Instructions to follow:
Every line in the data below from the one containing "v = Poly_Mapping.single" down to the one containing "j). i + j \<le>", both included, must be retyped exactly; no other line is to appear.

Items listed in a dataset:
(* Let $$f=\sum_{i+j\leq d} \frac{d!}{i!\, j!\, (d-(i+j))!}\, b_{i,j}\, x_1^{d-(i+j)} x_2^i x_3^j, \qquad b_{i,j}\in \mathbb{K}[A],$$ be an irreducible covariant of order $d$ of the ternary form of degree $n$. Then: (i) the vector space $B_d:=\langle \{b_{i,j}\},\ i+j\leq d\rangle$ is an irreducible $sl_3$-module isomorphic to $\Gamma_{d,0}$; (ii) the element $b_{0,0}$ is a highest vector of the $sl_3$-module $B_d$ with highest weight $[d,0]$; (iii) the covariant $f$ is the Casimir element $f=\Delta(B_d,S^d(X))$ and can be written as $$f=\sum_{i+j\leq d} \frac{1}{i!\, j!}\,\hat D_1^i \hat D_3^j(b_{0,0})\, x_1^{d-(i+j)} x_2^i x_3^j .$$
   Context: $\mathbb{K}$ is a field of characteristic zero. $T_n$ is the space of ternary forms $u(x_1,x_2,x_3)=\sum_{i+j\le n}\frac{n!}{i!j!(n-(i+j))!}a_{i,j}x_1^{n-(i+j)}x_2^ix_3^j$; its coordinate ring is identified with $\mathbb{K}[A]=\mathbb{K}[a_{0,0},\dots,a_{0,n}]$, and the coordinate ring of $T_n\oplus\mathbb{K}^3$ with $\mathbb{K}[A,X]=\mathbb{K}[A,x_1,x_2,x_3]$. $SL_3$ acts by substitutions; covariants are elements of $\mathbb{K}[A,X]^{SL_3}$, and the order of a covariant is its degree in $x_1,x_2,x_3$. $\Gamma_{m_1,m_2}$ denotes the irreducible $sl_3$-module with highest weight $[m_1,m_2]$, weights being eigenvalues of the operators $E_1,E_2$ corresponding to $E_{11}-E_{22}$, $E_{22}-E_{33}$. The operators $\hat D_1,\hat D_2,\hat D_3$ correspond to the action of the matrix units $E_{21},E_{32},E_{31}$ (and $D_1,D_2,D_3$ to $E_{12},E_{23},E_{13}$); on $X=\langle x_1,x_2,x_3\rangle$ they act as $\hat D_1=-x_1\partial/\partial x_2$, $\hat D_2=-x_2\partial/\partial x_3$, $\hat D_3=-x_1\partial/\partial x_3$, and on $\mathbb{K}[A]$ as derivations with $\hat D_1(a_{i,j})=(n-(i+j))a_{i+1,j}$, $\hat D_2(a_{i,j})=i\,a_{i-1,j+1}$, $\hat D_3(a_{i,j})=(n-(i+j))a_{i,j+1}$. $S^d(X)$ is the $d$-th symmetric power of $X$. For $sl_3$-modules $U,V$, the symmetric product $U\cdot V$ is the subalgebra of $S(U\oplus V)$ generated by products $uv$, with $g(uv)=g(u)v+ug(v)$; an $sl_3$-invariant of $U\cdot V$ is called a Casimir element, it exists iff $U\cong V^*$, and for contragredient (dual) bases $\{u_k\}$, $\{v_k\}$ it equals $\Delta(U,V)=u_1v_1+\dots+u_mv_m$. *)

theory Defs
  imports Main "HOL-Library.Poly_Mapping"
begin

text \<open>Variables: A i j is the coordinate a_{i,j} of the ternary form, X m is x_m (m = 1,2,3),
  Y m (m = 1,2,3) are auxiliary variables used only to build a concrete model of the
  irreducible sl_3-module Gamma_{d,0} (symmetric power of the standard representation).\<close>

datatype var = A nat nat | X nat | Y nat

type_synonym 'k mpoly = "(var \<Rightarrow>\<^sub>0 nat) \<Rightarrow>\<^sub>0 'k"

definition Var :: "var \<Rightarrow> 'k::comm_ring_1 mpoly" where
  "Var v = Poly_Mapping.single (Poly_Mapping.single v 1) 1"

definition smult :: "'k::comm_ring_1 \<Rightarrow> 'k mpoly \<Rightarrow> 'k mpoly" where
  "smult c p = Poly_Mapping.map (\<lambda>a. c * a) p"

definition const :: "'k::comm_ring_1 \<Rightarrow> 'k mpoly" where
  "const c = Poly_Mapping.single 0 c"

definition vars :: "'k::comm_ring_1 mpoly \<Rightarrow> var set" where
  "vars p = \<Union> (Poly_Mapping.keys ` Poly_Mapping.keys p)"

definition in_KA :: "nat \<Rightarrow> 'k::comm_ring_1 mpoly \<Rightarrow> bool" where
  "in_KA n p \<longleftrightarrow> vars p \<subseteq> {A i j | i j. i + j \<le> n}"

definition in_KAX :: "nat \<Rightarrow> 'k::comm_ring_1 mpoly \<Rightarrow> bool" where
  "in_KAX n p \<longleftrightarrow> vars p \<subseteq> {A i j | i j. i + j \<le> n} \<union> {X 1, X 2, X 3}"

definition xmon :: "nat \<Rightarrow> nat \<Rightarrow> nat \<Rightarrow> 'k::comm_ring_1 mpoly" where
  "xmon a b c = Var (X 1) ^ a * Var (X 2) ^ b * Var (X 3) ^ c"

definition ymon :: "nat \<Rightarrow> nat \<Rightarrow> nat \<Rightarrow> 'k::comm_ring_1 mpoly" where
  "ymon a b c = Var (Y 1) ^ a * Var (Y 2) ^ b * Var (Y 3) ^ c"

definition idx :: "nat \<Rightarrow> (nat \<times> nat) set" where
  "idx d = {(i, j). i + j \<le> d}"

definition lin_span :: "'k::comm_ring_1 mpoly set \<Rightarrow> 'k mpoly set" where
  "lin_span S = {p. \<exists>F c. finite F \<and> F \<subseteq> S \<and> p = (\<Sum>s\<in>F. smult (c s) s)}"

definition subspace :: "'k::comm_ring_1 mpoly set \<Rightarrow> bool" where
  "subspace V \<longleftrightarrow> 0 \<in> V \<and> (\<forall>u\<in>V. \<forall>v\<in>V. u + v \<in> V) \<and> (\<forall>c. \<forall>u\<in>V. smult c u \<in> V)"

text \<open>Generators of sl_3: D1, D2, D3 ~ E12, E23, E13; hD1, hD2, hD3 ~ E21, E32, E31;
  H1 ~ E11 - E22, H2 ~ E22 - E33.\<close>

datatype sl3 = D1 | D2 | D3 | hD1 | hD2 | hD3 | H1 | H2

text \<open>On X: E_kl acts as -x_l d/dx_k (so hD1 = -x1 d/dx2 etc.).
  On A: the action (given in the paper for hD1, hD2, hD3) for which the form u itself
  is invariant. On Y: E_kl acts as y_k d/dy_l (standard representation).\<close>

fun on_var :: "nat \<Rightarrow> sl3 \<Rightarrow> var \<Rightarrow> 'k::comm_ring_1 mpoly" where
  "on_var n D1 (A i j) = of_nat i * Var (A (i - 1) j)"
| "on_var n D2 (A i j) = of_nat j * Var (A (i + 1) (j - 1))"
| "on_var n D3 (A i j) = of_nat j * Var (A i (j - 1))"
| "on_var n hD1 (A i j) = of_nat (n - (i + j)) * Var (A (i + 1) j)"
| "on_var n hD2 (A i j) = of_nat i * Var (A (i - 1) (j + 1))"
| "on_var n hD3 (A i j) = of_nat (n - (i + j)) * Var (A i (j + 1))"
| "on_var n H1 (A i j) = (of_nat (n - (i + j)) - of_nat i) * Var (A i j)"
| "on_var n H2 (A i j) = (of_nat i - of_nat j) * Var (A i j)"
| "on_var n D1 (X m) = (if m = 1 then - Var (X 2) else 0)"
| "on_var n D2 (X m) = (if m = 2 then - Var (X 3) else 0)"
| "on_var n D3 (X m) = (if m = 1 then - Var (X 3) else 0)"
| "on_var n hD1 (X m) = (if m = 2 then - Var (X 1) else 0)"
| "on_var n hD2 (X m) = (if m = 3 then - Var (X 2) else 0)"
| "on_var n hD3 (X m) = (if m = 3 then - Var (X 1) else 0)"
| "on_var n H1 (X m) = (if m = 1 then - Var (X 1) else if m = 2 then Var (X 2) else 0)"
| "on_var n H2 (X m) = (if m = 2 then - Var (X 2) else if m = 3 then Var (X 3) else 0)"
| "on_var n D1 (Y m) = (if m = 2 then Var (Y 1) else 0)"
| "on_var n D2 (Y m) = (if m = 3 then Var (Y 2) else 0)"
| "on_var n D3 (Y m) = (if m = 3 then Var (Y 1) else 0)"
| "on_var n hD1 (Y m) = (if m = 1 then Var (Y 2) else 0)"
| "on_var n hD2 (Y m) = (if m = 2 then Var (Y 3) else 0)"
| "on_var n hD3 (Y m) = (if m = 1 then Var (Y 3) else 0)"
| "on_var n H1 (Y m) = (if m = 1 then Var (Y 1) else if m = 2 then - Var (Y 2) else 0)"
| "on_var n H2 (Y m) = (if m = 2 then Var (Y 2) else if m = 3 then - Var (Y 3) else 0)"

text \<open>Extension of the action on variables to the polynomial ring as a derivation.\<close>

definition act :: "nat \<Rightarrow> sl3 \<Rightarrow> 'k::comm_ring_1 mpoly \<Rightarrow> 'k mpoly" where
  "act n g p = (\<Sum>m\<in>Poly_Mapping.keys p. \<Sum>v\<in>Poly_Mapping.keys m.
      Poly_Mapping.single (m - Poly_Mapping.single v 1)
        (Poly_Mapping.lookup p m * of_nat (Poly_Mapping.lookup m v)) * on_var n g v)"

Solution:
  "Var v = Poly_Mapping.single (Poly_Mapping.single v 1) 1"

definition smult :: "'k::comm_ring_1 \<Rightarrow> 'k mpoly \<Rightarrow> 'k mpoly" where
  "smult c p = Poly_Mapping.map (\<lambda>a. c * a) p"

definition const :: "'k::comm_ring_1 \<Rightarrow> 'k mpoly" where
  "const c = Poly_Mapping.single 0 c"

definition vars :: "'k::comm_ring_1 mpoly \<Rightarrow> var set" where
  "vars p = \<Union> (Poly_Mapping.keys ` Poly_Mapping.keys p)"

definition in_KA :: "nat \<Rightarrow> 'k::comm_ring_1 mpoly \<Rightarrow> bool" where
  "in_KA n p \<longleftrightarrow> vars p \<subseteq> {A i j | i j. i + j \<le> n}"

definition in_KAX :: "nat \<Rightarrow> 'k::comm_ring_1 mpoly \<Rightarrow> bool" where
  "in_KAX n p \<longleftrightarrow> vars p \<subseteq> {A i j | i j. i + j \<le> n} \<union> {X 1, X 2, X 3}"

definition xmon :: "nat \<Rightarrow> nat \<Rightarrow> nat \<Rightarrow> 'k::comm_ring_1 mpoly" where
  "xmon a b c = Var (X 1) ^ a * Var (X 2) ^ b * Var (X 3) ^ c"

definition ymon :: "nat \<Rightarrow> nat \<Rightarrow> nat \<Rightarrow> 'k::comm_ring_1 mpoly" where
  "ymon a b c = Var (Y 1) ^ a * Var (Y 2) ^ b * Var (Y 3) ^ c"

definition idx :: "nat \<Rightarrow> (nat \<times> nat) set" where
  "idx d = {(i, j). i + j \<le> d}"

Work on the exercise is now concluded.